[
https://issues.apache.org/jira/browse/CASSANDRA-14358?page=com.atlassian.jira.plugin.system.issuetabpanels:comment-tabpanel&focusedCommentId=16630690#comment-16630690
]
Kevin Zhang commented on CASSANDRA-14358:
-----------------------------------------
[~jolynch]: thanks for the answer. I did the kernel workaround and it worked.
> OutboundTcpConnection can hang for many minutes when nodes restart
> ------------------------------------------------------------------
>
> Key: CASSANDRA-14358
> URL: https://issues.apache.org/jira/browse/CASSANDRA-14358
> Project: Cassandra
> Issue Type: Bug
> Components: Streaming and Messaging
> Environment: Cassandra 2.1.19 (also reproduced on 3.0.15), running
> with {{internode_encryption: all}} and the EC2 multi region snitch on Linux
> 4.13 within the same AWS region. Smallest cluster I've seen the problem on is
> 12 nodes, reproduces more reliably on 40+ and 300 node clusters consistently
> reproduce on at least one node in the cluster.
> So all the connections are SSL and we're connecting on the internal ip
> addresses (not the public endpoint ones).

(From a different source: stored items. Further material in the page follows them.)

(* For any code $\mathcal C\subseteq 2^{[n]}$, the canonical form of the code $\mathcal C\setminus n\subseteq 2^{[n-1]}$ consists exactly of the pseudo-monomials in $\mathrm{CF}(J_\mathcal C)$ that do not depend on $x_n$: $$\mathrm{CF}(J_{\mathcal C\setminus n})=\mathrm{CF}(J_\mathcal C)\setminus\{f\in\mathrm{CF}(J_\mathcal C): x_n \text{ or } (1-x_n)\text{ divides } f\}.$$
   Context: A code is a set $\mathcal C\subseteq 2^{[n]}$, $[n]=\{1,\dots,n\}$. Standing conventions: $\emptyset\in\mathcal C$; every neuron lies in some codeword; no two distinct neurons lie in exactly the same codewords. $\mathcal C\setminus n$ is the code on $[n-1]$ obtained by removing $n$ from every codeword. A pseudo-monomial in $\mathbb F_2[x_1,\dots,x_n]$ is $\prod_{i\in\sigma}x_i\prod_{j\in\tau}(1-x_j)$ with $\sigma\cap\tau=\emptyset$, ordered by divisibility. For a code $\mathcal D$ on $[m]$, $J_\mathcal D=\langle\rho_\sigma:\sigma\subseteq[m],\sigma\notin\mathcal D\rangle\subseteq\mathbb F_2[x_1,\dots,x_m]$ with $\rho_\sigma=\prod_{i\in\sigma}x_i\prod_{j\in[m]\setminus\sigma}(1-x_j)$, and $\mathrm{CF}(J_\mathcal D)$ is the set of minimal pseudo-monomials in $J_\mathcal D$. *)

theory Defs
  imports "HOL-Library.Poly_Mapping" "HOL-Library.Z2"
begin

type_synonym f2poly = "(nat \<Rightarrow>\<^sub>0 nat) \<Rightarrow>\<^sub>0 bit"

definition Var :: "nat \<Rightarrow> f2poly" where
  "Var i = Poly_Mapping.single (Poly_Mapping.single i 1) 1"

definition polys :: "nat \<Rightarrow> f2poly set" where
  "polys m = {p. \<forall>mon \<in> Poly_Mapping.keys p. Poly_Mapping.keys mon \<subseteq> {1..m}}"

inductive_set ideal_gen :: "nat \<Rightarrow> f2poly set \<Rightarrow> f2poly set" for m G where
  zero: "0 \<in> ideal_gen m G"
| mult: "g \<in> G \<Longrightarrow> h \<in> polys m \<Longrightarrow> h * g \<in> ideal_gen m G"
| add: "a \<in> ideal_gen m G \<Longrightarrow> b \<in> ideal_gen m G \<Longrightarrow> a + b \<in> ideal_gen m G"

definition dvd_in :: "nat \<Rightarrow> f2poly \<Rightarrow> f2poly \<Rightarrow> bool" where
  "dvd_in m g f \<longleftrightarrow> (\<exists>h \<in> polys m. f = g * h)"

definition pm :: "nat set \<Rightarrow> nat set \<Rightarrow> f2poly" where
  "pm \<sigma> \<tau> = (\<Prod>i\<in>\<sigma>. Var i) * (\<Prod>j\<in>\<tau>. 1 - Var j)"

definition pseudo_monomial :: "nat \<Rightarrow> f2poly \<Rightarrow> bool" where
  "pseudo_monomial m f \<longleftrightarrow>
     (\<exists>\<sigma> \<tau>. \<sigma> \<subseteq> {1..m} \<and> \<tau> \<subseteq> {1..m} \<and> \<sigma> \<inter> \<tau> = {} \<and> f = pm \<sigma> \<tau>)"

definition rho :: "nat \<Rightarrow> nat set \<Rightarrow> f2poly" where
  "rho m \<sigma> = pm \<sigma> ({1..m} - \<sigma>)"

definition neural_ideal :: "nat \<Rightarrow> nat set set \<Rightarrow> f2poly set" where
  "neural_ideal m D = ideal_gen m {rho m \<sigma> | \<sigma>. \<sigma> \<subseteq> {1..m} \<and> \<sigma> \<notin> D}"

definition CF :: "nat \<Rightarrow> f2poly set \<Rightarrow> f2poly set" where
  "CF m J = {f. pseudo_monomial m f \<and> f \<in> J \<and>
     (\<forall>g. pseudo_monomial m g \<and> g \<in> J \<and> dvd_in m g f \<longrightarrow> g = f)}"

definition is_code :: "nat \<Rightarrow> nat set set \<Rightarrow> bool" where
  "is_code n C \<longleftrightarrow> C \<subseteq> Pow {1..n} \<and> {} \<in> C \<and>
     (\<forall>i\<in>{1..n}. \<exists>c\<in>C. i \<in> c) \<and>
     (\<forall>i\<in>{1..n}. \<forall>j\<in>{1..n}. i \<noteq> j \<longrightarrow> {c\<in>C. i \<in> c} \<noteq> {c\<in>C. j \<in> c})"
text \<open>Two automorphisms of L = EF' that agree on E and on F' are equal, since the
  elements of L on which they agree form a subfield.\<close>
lemma Aut_eq_on_compositum:
  assumes \<sigma>: "\<sigma> \<in> Aut K L" and \<tau>: "\<tau> \<in> Aut K L" and L: "is_subfield L"
    and comp: "L = compositum E F'" and agree: "\<forall>x\<in>E \<union> F'. \<sigma> x = \<tau> x"
  shows "\<sigma> = \<tau>"
proof -
  have e: "is_embedding {} L \<sigma>" "is_embedding {} L \<tau>"
    using Aut_embedding[OF \<sigma> L] Aut_embedding[OF \<tau> L] embedding_mono by blast+
  have "is_subfield {x \<in> L. \<sigma> x = \<tau> x}"
    unfolding is_subfield_def using is_subfieldD[OF L]
    by (auto simp: embedding_add[OF e(1)] embedding_add[OF e(2)] embedding_mult[OF e(1)]
        embedding_mult[OF e(2)] embedding_zero[OF e(1)] embedding_zero[OF e(2)] embedding_one[OF e(1)]
        embedding_one[OF e(2)] embedding_neg[OF e(1) L] embedding_neg[OF e(2) L]
        embedding_inverse[OF e(1) L] embedding_inverse[OF e(2) L])
  moreover have "E \<union> F' \<subseteq> {x \<in> L. \<sigma> x = \<tau> x}"
    using agree compositum_props(2,3) comp by blast
  ultimately have "L \<subseteq> {x \<in> L. \<sigma> x = \<tau> x}"
    using compositum_props(4) comp by blast
  then show ?thesis using Aut_eqI[OF \<sigma> \<tau>] by blast
qed
(* Let $d > 8$ be an integer. Consider the game in which Nora and Wanda choose the coefficients of a degree $d$ polynomial from $\mathbb{Q}$. If Nora makes the last move, then she can ensure that the final polynomial has no root in $\overline{\mathbb{Q}}^{\mathrm{ab}}$, the maximal abelian extension of $\mathbb{Q}$.
   Context: The game: Nora and Wanda alternately choose coefficients of $f(x) = a_d x^d + \cdots + a_0$; on each move the current player picks a not-yet-chosen coefficient and assigns it a rational value, subject to $a_d \neq 0$, $a_0 \neq 0$. The maximal abelian extension $\overline{\mathbb{Q}}^{\mathrm{ab}}$ is the union (in a fixed algebraic closure) of all finite abelian extensions of $\mathbb{Q}$, equivalently the union of all cyclotomic fields $\mathbb{Q}(\zeta_n)$. *)

theory Defs
  imports Complex_Main "HOL-Computational_Algebra.Polynomial"
begin

text \<open>We take the fixed algebraic closure of Q to be the algebraic numbers inside C.\<close>

definition is_subfield :: "complex set \<Rightarrow> bool" where
  "is_subfield K \<longleftrightarrow> 0 \<in> K \<and> 1 \<in> K \<and>
     (\<forall>x\<in>K. \<forall>y\<in>K. x + y \<in> K \<and> x * y \<in> K) \<and>
     (\<forall>x\<in>K. - x \<in> K) \<and> (\<forall>x\<in>K. x \<noteq> 0 \<longrightarrow> inverse x \<in> K)"

definition cyclotomic_field :: "nat \<Rightarrow> complex set" where
  "cyclotomic_field n =
     \<Inter> {K. is_subfield K \<and> cis (2 * pi / real n) \<in> K}"

definition Qab :: "complex set" where
  "Qab = (\<Union>n\<in>{n. n > 0}. cyclotomic_field n)"

text \<open>A position is a partial assignment of rational values to coefficient indices 0..d.\<close>
definition legal_move :: "nat \<Rightarrow> (nat \<Rightarrow> rat option) \<Rightarrow> nat \<Rightarrow> rat \<Rightarrow> bool" where
  "legal_move d s i v \<longleftrightarrow> i \<le> d \<and> s i = None \<and> ((i = 0 \<or> i = d) \<longrightarrow> v \<noteq> 0)"
theorem lemma1p2:
  fixes k R :: "'b::{idom,ring_char_0} set" and D :: "'b \<Rightarrow> 'b"
  assumes k_ac: "alg_closed_subfield k"
    and kR: "k \<subseteq> R"
    and R_fg: "fin_gen_algebra k R"
    and B_fg: "fin_gen_algebra k (UNIV :: 'b set)"
    and gen_fibers: "\<exists>g\<in>R. g \<noteq> 0 \<and> (\<forall>m. maximal_ideal_of R m \<and> g \<notin> m \<longrightarrow> fiber_integral m)"
    and D_der: "is_derivation D"
    and D_Rtriv: "\<forall>r\<in>R. D r = 0"
    and D_fibers: "\<forall>m. maximal_ideal_of R m \<longrightarrow> fiber_LND D m"
  shows "\<exists>k0 B0 R0. fin_gen_field_over_Q k0 \<and> k0 \<subseteq> k
           \<and> fin_gen_algebra k0 B0 \<and> fin_gen_algebra k0 R0 \<and> R0 \<subseteq> B0
           \<and> base_change k0 B0 k UNIV \<and> base_change k0 R0 k R
           \<and> D ` B0 \<subseteq> B0 \<and> (\<forall>r\<in>R0. D r = 0)
           \<and> (locally_nilpotent_on B0 D \<longleftrightarrow> locally_nilpotent_on UNIV D)"
proof -
  have k: "is_subfield k" using k_ac unfolding alg_closed_subfield_def by blast
  obtain G where G: "ring_closure (k \<union> set G) = UNIV"
    using B_fg finite_list unfolding fin_gen_algebra_def by metis
  obtain H where H: "finite H" "ring_closure (k \<union> H) = R"
    using R_fg unfolding fin_gen_algebra_def by metis
  have "finite (D ` set G \<union> H)" using H(1) by simp
  from finitely_generated_algebra_descends[OF k G this] obtain C where C: "finite C" "C \<subseteq> k"
    and descent: "\<forall>k0. is_subfield k0 \<and> C \<subseteq> k0 \<and> k0 \<subseteq> k \<longrightarrow>
      D ` set G \<union> H \<subseteq> ring_closure (k0 \<union> set G) \<and> lin_disjoint k0 (ring_closure (k0 \<union> set G)) k"
    by (elim exE conjE)
  define k0 where "k0 = field_closure C"
  define B0 where "B0 = ring_closure (k0 \<union> set G)"
  define R0 where "R0 = ring_closure (k0 \<union> H)"
  have k0: "is_subfield k0" "k0 \<subseteq> k" "fin_gen_field_over_Q k0"
    using field_closure_subfield[OF k C(2)] field_closure_least[OF k C(2)] C(1)
    unfolding k0_def fin_gen_field_over_Q_def by blast+
  have E: "D ` set G \<union> H \<subseteq> B0" and disj: "lin_disjoint k0 B0 k"
    using descent k0(1,2) unfolding B0_def k0_def by (auto intro: fc_base)
  have R0: "R0 \<subseteq> B0" "R0 \<subseteq> R"
    using E ring_closure_mono[of "k0 \<union> H" "k \<union> H"] k0(2) H(2) unfolding R0_def
    by (auto intro!: ring_closure_least[OF ring_closure_subring] simp: B0_def intro: rc_base)
  have bc_B: "base_change k0 B0 k UNIV" and bc_R: "base_change k0 R0 k R"
    using base_change_ring_closure[OF k0(2)] disj lin_disjoint_subset[OF disj R0(1)] G H(2)
    unfolding B0_def R0_def by (metis, metis)
  have "\<forall>x\<in>k0. D x = 0" using k0(2) kR D_Rtriv by blast
  then have "D ` B0 \<subseteq> B0"
    using E subring_zero[OF ring_closure_subring] unfolding B0_def
    by (intro derivation_image_ring_closure[OF D_der ring_closure_subring]) (auto intro: rc_base)
  moreover have "fin_gen_algebra k0 B0" "fin_gen_algebra k0 R0"
    unfolding fin_gen_algebra_def B0_def R0_def using H(1) by blast+
  moreover have "\<forall>r\<in>R0. D r = 0" using R0(2) D_Rtriv by blast
  moreover have "locally_nilpotent_on B0 D \<longleftrightarrow> locally_nilpotent_on UNIV D"
    using locally_nilpotent_on_base_change[OF bc_B D_der] kR D_Rtriv by blast
  ultimately show ?thesis
    using k0(2,3) bc_B bc_R R0(1) by (intro exI[of _ k0] exI[of _ B0] exI[of _ R0] conjI) assumption+
qed

end
(* Let $S=\{v_1,\ldots,v_n\}\subset\mathbb Z^n$ be an orthogonal subset with $|V_\alpha|\ge2$ for all $\alpha$. Let $i\in\mathcal P_2$ with $E_i=\{s,t\}$ and $|\langle v_s,e_i\rangle|=|\langle v_t,e_i\rangle|=1$. Then, up to a change of basis of $\mathbb Z^n$ and negation of $v_s$ or $v_t$, $v_s=e_i+e_j$ and $v_t=e_i-e_j$ for some $j\in\mathcal P_2$.
   Context: $\mathbb Z^n$ carries the standard dot product with standard basis $e_1,\ldots,e_n$. $S$ is orthogonal if $\langle v_\alpha,v_\alpha\rangle\ge1$ for all $\alpha$ and $\langle v_\alpha,v_\beta\rangle=0$ for $\alpha\ne\beta$. $V_\alpha=\{j:\langle v_\alpha,e_j\rangle\ne0\}$, $E_j=\{\alpha:\langle v_\alpha,e_j\rangle\ne0\}$, $\mathcal P_2=\{j:|E_j|=2\}$. A change of basis of $\mathbb Z^n$ means replacing the standard basis by another orthonormal basis (a signed permutation of coordinates). *)

theory Defs
  imports Main
begin

text \<open>Vectors of Z^n are functions nat => int, only coordinates 1..n are relevant.
  A family S = {v_1,...,v_n} is a function v :: nat => nat => int, with v alpha the
  vector v_alpha (alpha in 1..n), and v alpha j = <v_alpha, e_j>.\<close>

definition dotp :: "nat \<Rightarrow> (nat \<Rightarrow> int) \<Rightarrow> (nat \<Rightarrow> int) \<Rightarrow> int" where
  "dotp n x y = (\<Sum>j\<in>{1..n}. x j * y j)"

definition unitv :: "nat \<Rightarrow> nat \<Rightarrow> int" where
  "unitv i = (\<lambda>j. if j = i then 1 else 0)"
lemma alpha_le_beta:
  fixes U :: "'a::ab_group_add set"
  assumes "finite U" "U \<noteq> {}"
  shows "alpha U \<le> beta U"
proof (rule le_beta)
  fix A B :: "'a set"
  assume AB: "finite A" "finite B" "A \<noteq> {}" "B \<noteq> {}"
  obtain X Y where XY: "finite X" "finite Y" "U \<subseteq> X" "U \<subseteq> Y"
    "card (X + Y) * card A \<le> card (A + B + U) * card X"
    "card (X + Y) * card B \<le> card (A + B + U) * card Y"
    using obtain_small_sumset_supersets[OF assms(1) AB] by blast
  have "X \<noteq> {}" "Y \<noteq> {}" using XY(3,4) assms(2) by auto
  have "alpha U \<le> real (card (X + Y)) / sqrt (real (card X) * real (card Y))"
    using XY(1,2) \<open>X \<noteq> {}\<close> \<open>Y \<noteq> {}\<close> XY(3,4) by (rule alpha_le)
  also have "\<dots> \<le> real (card (A + B + U)) / sqrt (real (card A) * real (card B))"
    using XY AB \<open>X \<noteq> {}\<close> \<open>Y \<noteq> {}\<close>
    by (intro divide_sqrt_prod_le) (simp_all add: card_gt_0_iff flip: of_nat_mult)
  finally show "alpha U \<le> real (card (A + B + U)) / sqrt (real (card A) * real (card B))" .
qed

lemma alpha'_le_of_card_le:
  fixes U X Y :: "'a::ab_group_add set"
  assumes "finite X" "finite Y" "U \<subseteq> X" "U \<subseteq> Y" "U \<noteq> {}" "card X \<le> card Y"
  shows "alpha' U \<le> real (card (X + Y)) / real (card X)"
proof -
  have "card U \<le> card X" using assms(1,3) by (rule card_mono)
  then obtain V where V: "U \<subseteq> V" "V \<subseteq> Y" "card V = card X"
    using obtain_intermediate_subset[OF assms(2,4) _ assms(6)] by blast
  have "finite V" using V(2) assms(2) finite_subset by blast
  have "alpha' U \<le> real (card (X + V)) / real (card X)"
    using assms(1,3,5) \<open>finite V\<close> V by (intro alpha'_le) auto
  also have "\<dots> \<le> real (card (X + Y)) / real (card X)"
    using V(2) assms(1,2) by (intro divide_right_mono of_nat_mono card_mono finite_set_plus set_plus_mono2) auto
  finally show ?thesis .
qed

lemma alpha'_le_beta':
  fixes U :: "'a::ab_group_add set"
  assumes "finite U" "U \<noteq> {}"
  shows "alpha' U \<le> beta' U"
proof (rule le_beta')
  fix A B :: "'a set"
  assume AB: "finite A" "finite B" "A \<noteq> {}" "B \<noteq> {}" "card A = card B"
  obtain X Y where XY: "finite X" "finite Y" "U \<subseteq> X" "U \<subseteq> Y"
    "card (X + Y) * card A \<le> card (A + B + U) * card X"
    "card (X + Y) * card B \<le> card (A + B + U) * card Y"
    using obtain_small_sumset_supersets[OF assms(1) AB(1-4)] by blast
  have pos: "0 < card A" "0 < card X" "0 < card Y"
    using XY(1-4) AB(1,3) assms(2) by (auto simp: card_gt_0_iff)
  have "alpha' U \<le> real (card (A + B + U)) / real (card A)"
  proof (cases "card X \<le> card Y")
    case True
    then have "alpha' U \<le> real (card (X + Y)) / real (card X)"
      using XY(1-4) assms(2) by (intro alpha'_le_of_card_le)
    also have "\<dots> \<le> real (card (A + B + U)) / real (card A)"
      using XY(5) pos by (intro real_divide_le_divide_of_nat)
    finally show ?thesis .
  next
    case False
    then have "alpha' U \<le> real (card (Y + X)) / real (card Y)"
      using XY(1-4) assms(2) by (intro alpha'_le_of_card_le) auto
    also have "\<dots> \<le> real (card (A + B + U)) / real (card A)"
      using XY(6) AB(5) pos by (intro real_divide_le_divide_of_nat) (simp_all add: add.commute)
    finally show ?thesis .
  qed
  then show "alpha' U \<le> real (card (A + B + U)) / sqrt (real (card A) * real (card B))"
    using AB(5) by simp
qed

lemma alpha''_le_beta'':
  fixes U :: "'a::ab_group_add set"
  assumes "finite U" "U \<noteq> {}"
  shows "alpha'' U \<le> beta'' U"
proof (rule le_beta'')
  fix A :: "'a set"
  assume "finite A" "A \<noteq> {}"
  obtain Z where Z: "Z \<subseteq> A" "Z \<noteq> {}" "card (Z + (A + U)) * card A \<le> card (A + (A + U)) * card Z"
    "\<And>D. finite D \<Longrightarrow> card (Z + (A + U) + D) * card Z \<le> card (Z + (A + U)) * card (Z + D)"
    using petridis_subset[of A "A + U"] assms \<open>finite A\<close> \<open>A \<noteq> {}\<close> by (auto simp: finite_set_plus)
  have "finite Z" "card Z > 0"
    using Z(1,2) \<open>finite A\<close> finite_subset card_gt_0_iff by blast+
  have "card (Z + U) > 0"
    using card_le_card_sumset[of U Z] \<open>finite Z\<close> \<open>card Z > 0\<close> assms by linarith
  obtain z where "z \<in> Z" using Z(2) by blast
  define X where "X = Z + U + {- z}"
  have "finite X" using \<open>finite Z\<close> assms(1) by (simp add: X_def finite_set_plus)
  have card_X: "card X = card (Z + U)" by (simp add: X_def card_plus_sing)
  have "card (X + X) = card (Z + Z + U + U)"
    using card_sumset_translates[of "Z + U" "- z" "Z + U" "- z"] by (simp add: X_def ac_simps)
  also have "\<dots> \<le> card (Z + (A + U) + U)"
  proof -
    have "Z + Z + U + U \<subseteq> Z + (A + U) + U"
      using Z(1) by (simp only: add.assoc) (intro set_plus_mono2 order_refl)
    then show ?thesis using \<open>finite A\<close> \<open>finite Z\<close> assms(1) by (intro card_mono finite_set_plus)
  qed
  finally have "card (X + X) * card Z \<le> card (Z + (A + U) + U) * card Z" by simp
  also have "\<dots> \<le> card (Z + (A + U)) * card X"
    using Z(4)[OF assms(1)] card_X by simp
  finally have "card (X + X) * card A \<le> card (A + (A + U)) * card X"
    using Z(3) \<open>card Z > 0\<close> by (rule mult_le_mult_chain)
  have "alpha'' U \<le> real (card (X + X)) / real (card X)"
    using \<open>finite X\<close> subset_sumset_translate[OF \<open>z \<in> Z\<close>] assms(2) by (intro alpha''_le) (auto simp: X_def)
  also have "\<dots> \<le> real (card (A + (A + U))) / real (card A)"
    using \<open>card (X + X) * card A \<le> _\<close> \<open>finite A\<close> \<open>A \<noteq> {}\<close> \<open>card (Z + U) > 0\<close>
    by (intro real_divide_le_divide_of_nat) (simp_all add: card_X card_gt_0_iff)
  finally show "alpha'' U \<le> real (card (A + A + U)) / real (card A)"
    by (simp add: add.assoc)
qed

lemma beta''_le_beta''_double:
  fixes U :: "'a::ab_group_add set"
  assumes "finite U" "U \<noteq> {}"
  shows "beta'' U \<le> beta'' (U + U)"
proof (rule le_beta'')
  fix A :: "'a set"
  assume "finite A" "A \<noteq> {}"
  have "beta'' U \<le> real (card (A + A + U)) / real (card A)"
    using \<open>finite A\<close> \<open>A \<noteq> {}\<close> by (rule beta''_le)
  also have "\<dots> \<le> real (card (A + A + (U + U))) / real (card A)"
    using card_le_card_sumset[of U "A + A + U"] \<open>finite A\<close> assms
    by (intro divide_right_mono) (simp_all add: finite_set_plus add.assoc)
  finally show "beta'' U \<le> real (card (A + A + (U + U))) / real (card A)" .
qed
(* Every countable group $G$ admits a free action on $L_1[0,1]$ by lattice (positive) linear isometries for which there exists an equivalent $G$-invariant strictly convex norm on $L_1[0,1]$.
   Context: $\lambda$ is Lebesgue measure on $[0,1]$. Every lattice linear isometry of $L_1[0,1]$ is of the form $T_\phi(f)(x)=\frac{d\phi_*\lambda}{d\lambda}(x)\,f(\phi^{-1}(x))$ for a unique (mod null sets) measurable bijection $\phi$ of $[0,1]$ preserving the measure class of $\lambda$, so an action of $G$ by lattice isometries induces an action of $G$ on $[0,1]$ by such bijections; the action is called free if this induced action is (essentially) free, i.e. for each $g\neq 1_G$ the set of points fixed by $g$ is null. A norm is $G$-invariant if each $g$ acts isometrically for it; strictly convex if for $f\neq h$ of equal norm, $\|\frac{f+h}{2}\|<\|f\|$. *)

theory Defs
  imports "HOL-Probability.Probability" "HOL-Algebra.Group"
begin

text \<open>Lebesgue measure on [0,1]; L_1[0,1] is represented by the integrable real functions,
  with all notions taken modulo equality almost everywhere.\<close>

abbreviation lam :: "real measure" where
  "lam \<equiv> lebesgue_on {0..1}"

definition L1 :: "(real \<Rightarrow> real) set" where
  "L1 = {f. integrable lam f}"

definition l1norm :: "(real \<Rightarrow> real) \<Rightarrow> real" where
  "l1norm f = (LINT x|lam. \<bar>f x\<bar>)"

definition aeq :: "(real \<Rightarrow> real) \<Rightarrow> (real \<Rightarrow> real) \<Rightarrow> bool" where
  "aeq f g \<longleftrightarrow> (AE x in lam. f x = g x)"

definition lattice_isometry :: "((real \<Rightarrow> real) \<Rightarrow> (real \<Rightarrow> real)) \<Rightarrow> bool" where
  "lattice_isometry T \<longleftrightarrow>
     (\<forall>f\<in>L1. T f \<in> L1) \<and>
     (\<forall>f\<in>L1. \<forall>h\<in>L1. aeq f h \<longrightarrow> aeq (T f) (T h)) \<and>
     (\<forall>f\<in>L1. \<forall>h\<in>L1. \<forall>a b::real. aeq (T (\<lambda>x. a * f x + b * h x)) (\<lambda>x. a * T f x + b * T h x)) \<and>
     (\<forall>f\<in>L1. l1norm (T f) = l1norm f) \<and>
     (\<forall>f\<in>L1. aeq (T (\<lambda>x. \<bar>f x\<bar>)) (\<lambda>x. \<bar>T f x\<bar>)) \<and>
     (\<forall>f\<in>L1. \<exists>h\<in>L1. aeq (T h) f)"

definition nonsingular_bij :: "(real \<Rightarrow> real) \<Rightarrow> bool" where
  "nonsingular_bij \<phi> \<longleftrightarrow>
     bij_betw \<phi> {0..1} {0..1} \<and> \<phi> \<in> lam \<rightarrow>\<^sub>M lam \<and> inv_into {0..1} \<phi> \<in> lam \<rightarrow>\<^sub>M lam \<and>
     absolutely_continuous lam (distr lam lam \<phi>) \<and> absolutely_continuous (distr lam lam \<phi>) lam"

definition Tphi :: "(real \<Rightarrow> real) \<Rightarrow> (real \<Rightarrow> real) \<Rightarrow> (real \<Rightarrow> real)" where
  "Tphi \<phi> f = (\<lambda>x. enn2real (RN_deriv lam (distr lam lam \<phi>) x) * f (inv_into {0..1} \<phi> x))"

definition lattice_isometric_action ::
  "('g, 'b) monoid_scheme \<Rightarrow> ('g \<Rightarrow> (real \<Rightarrow> real) \<Rightarrow> (real \<Rightarrow> real)) \<Rightarrow> bool" where
  "lattice_isometric_action G T \<longleftrightarrow>
     (\<forall>g\<in>carrier G. lattice_isometry (T g)) \<and>
     (\<forall>f\<in>L1. aeq (T \<one>\<^bsub>G\<^esub> f) f) \<and>
     (\<forall>g\<in>carrier G. \<forall>h\<in>carrier G. \<forall>f\<in>L1. aeq (T (g \<otimes>\<^bsub>G\<^esub> h) f) (T g (T h f)))"

definition free_action ::
  "('g, 'b) monoid_scheme \<Rightarrow> ('g \<Rightarrow> (real \<Rightarrow> real) \<Rightarrow> (real \<Rightarrow> real)) \<Rightarrow> bool" where
  "free_action G T \<longleftrightarrow>
     (\<exists>\<phi>::'g \<Rightarrow> real \<Rightarrow> real.
        (\<forall>g\<in>carrier G. nonsingular_bij (\<phi> g) \<and> (\<forall>f\<in>L1. aeq (T g f) (Tphi (\<phi> g) f))) \<and>
        (\<forall>g\<in>carrier G. g \<noteq> \<one>\<^bsub>G\<^esub> \<longrightarrow> (AE x in lam. \<phi> g x \<noteq> x)))"

definition equiv_norm :: "((real \<Rightarrow> real) \<Rightarrow> real) \<Rightarrow> bool" where
  "equiv_norm N \<longleftrightarrow>
     (\<forall>f\<in>L1. \<forall>h\<in>L1. aeq f h \<longrightarrow> N f = N h) \<and>
     (\<forall>f\<in>L1. 0 \<le> N f) \<and>
     (\<forall>f\<in>L1. N f = 0 \<longleftrightarrow> aeq f (\<lambda>_. 0)) \<and>
     (\<forall>f\<in>L1. \<forall>c::real. N (\<lambda>x. c * f x) = \<bar>c\<bar> * N f) \<and>
     (\<forall>f\<in>L1. \<forall>h\<in>L1. N (\<lambda>x. f x + h x) \<le> N f + N h) \<and>
     (\<exists>a b::real. 0 < a \<and> 0 < b \<and> (\<forall>f\<in>L1. a * l1norm f \<le> N f \<and> N f \<le> b * l1norm f))"

definition strictly_convex_norm :: "((real \<Rightarrow> real) \<Rightarrow> real) \<Rightarrow> bool" where
  "strictly_convex_norm N \<longleftrightarrow>
     (\<forall>f\<in>L1. \<forall>h\<in>L1. \<not> aeq f h \<and> N f = N h \<longrightarrow> N (\<lambda>x. (f x + h x) / 2) < N f)"

definition invariant_norm ::
  "('g, 'b) monoid_scheme \<Rightarrow> ('g \<Rightarrow> (real \<Rightarrow> real) \<Rightarrow> (real \<Rightarrow> real)) \<Rightarrow> ((real \<Rightarrow> real) \<Rightarrow> real) \<Rightarrow> bool" where
  "invariant_norm G T N \<longleftrightarrow> (\<forall>g\<in>carrier G. \<forall>f\<in>L1. N (T g f) = N f)"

> Potentially relevant sysctls:
> {noformat}
> /proc/sys/net/ipv4/tcp_syn_retries = 2
> /proc/sys/net/ipv4/tcp_synack_retries = 5
> /proc/sys/net/ipv4/tcp_keepalive_time = 7200
> /proc/sys/net/ipv4/tcp_keepalive_probes = 9
> /proc/sys/net/ipv4/tcp_keepalive_intvl = 75
> /proc/sys/net/ipv4/tcp_retries2 = 15
> {noformat}
> Reporter: Joseph Lynch
> Assignee: Joseph Lynch
> Priority: Major
> Labels: 4.0-feature-freeze-review-requested
> Fix For: 4.0, 2.1.x, 2.2.x, 3.0.x, 3.11.x
>
> Attachments: 10 Minute Partition.pdf
>
>
> edit summary: This primarily impacts networks with stateful firewalls such as
> AWS. I'm working on a proper patch for trunk but unfortunately it relies on
> the Netty refactor in 4.0 so it will be hard to backport to previous
> versions. A workaround for earlier versions is to set the
> {{net.ipv4.tcp_retries2}} sysctl to ~5. This can be done with the following:
> {code:java}
> $ cat /etc/sysctl.d/20-cassandra-tuning.conf
> net.ipv4.tcp_retries2=5
> $ # Reload all sysctls
> $ sysctl --system{code}
> Original Bug Report:
> I've been trying to debug nodes not being able to see each other during
> longer (~5 minute+) Cassandra restarts in 3.0.x and 2.1.x which can
> contribute to {{UnavailableExceptions}} during rolling restarts of 3.0.x and
> 2.1.x clusters for us. I think I finally have a lead. It appears that prior
> to trunk (with the awesome Netty refactor) we do not set socket connect
> timeouts on SSL connections (in 2.1.x, 3.0.x, or 3.11.x) nor do we set
> {{SO_TIMEOUT}} as far as I can tell on outbound connections either. I believe
> that this means that we could potentially block forever on {{connect}} or
> {{recv}} syscalls, and we could block forever on the SSL Handshake as well. I
> think that the OS will protect us somewhat (and that may be what's causing
> the eventual timeout) but I think that given the right network conditions our
> {{OutboundTCPConnection}} threads can just be stuck never making any progress
> until the OS intervenes.
> I have attached some logs of such a network partition during a rolling
> restart where an old node in the cluster has a completely foobarred
> {{OutboundTcpConnection}} for ~10 minutes before finally getting a
> {{java.net.SocketException: Connection timed out (Write failed)}} and
> immediately successfully reconnecting. I conclude that the old node is the
> problem because the new node (the one that restarted) is sending ECHOs to the
> old node, and the old node is sending ECHOs and REQUEST_RESPONSES to the new
> node's ECHOs, but the new node is never getting the ECHO's. This appears, to
> me, to indicate that the old node's {{OutboundTcpConnection}} thread is just
> stuck and can't make any forward progress. By the time we could notice this
> and slap TRACE logging on, the only thing we see is ~10 minutes later a
> {{SocketException}} inside {{writeConnected}}'s flush and an immediate
> recovery. It is interesting to me that the exception happens in
> {{writeConnected}} and it's a _connection timeout_ (and since we see {{Write
> failure}} I believe that this can't be a connection reset), because my
> understanding is that we should have a fully handshaked SSL connection at
> that point in the code.
> Current theory:
> # "New" node restarts, "Old" node calls
> [newSocket|https://github.com/apache/cassandra/blob/6f30677b28dcbf82bcd0a291f3294ddf87dafaac/src/java/org/apache/cassandra/net/OutboundTcpConnection.java#L433]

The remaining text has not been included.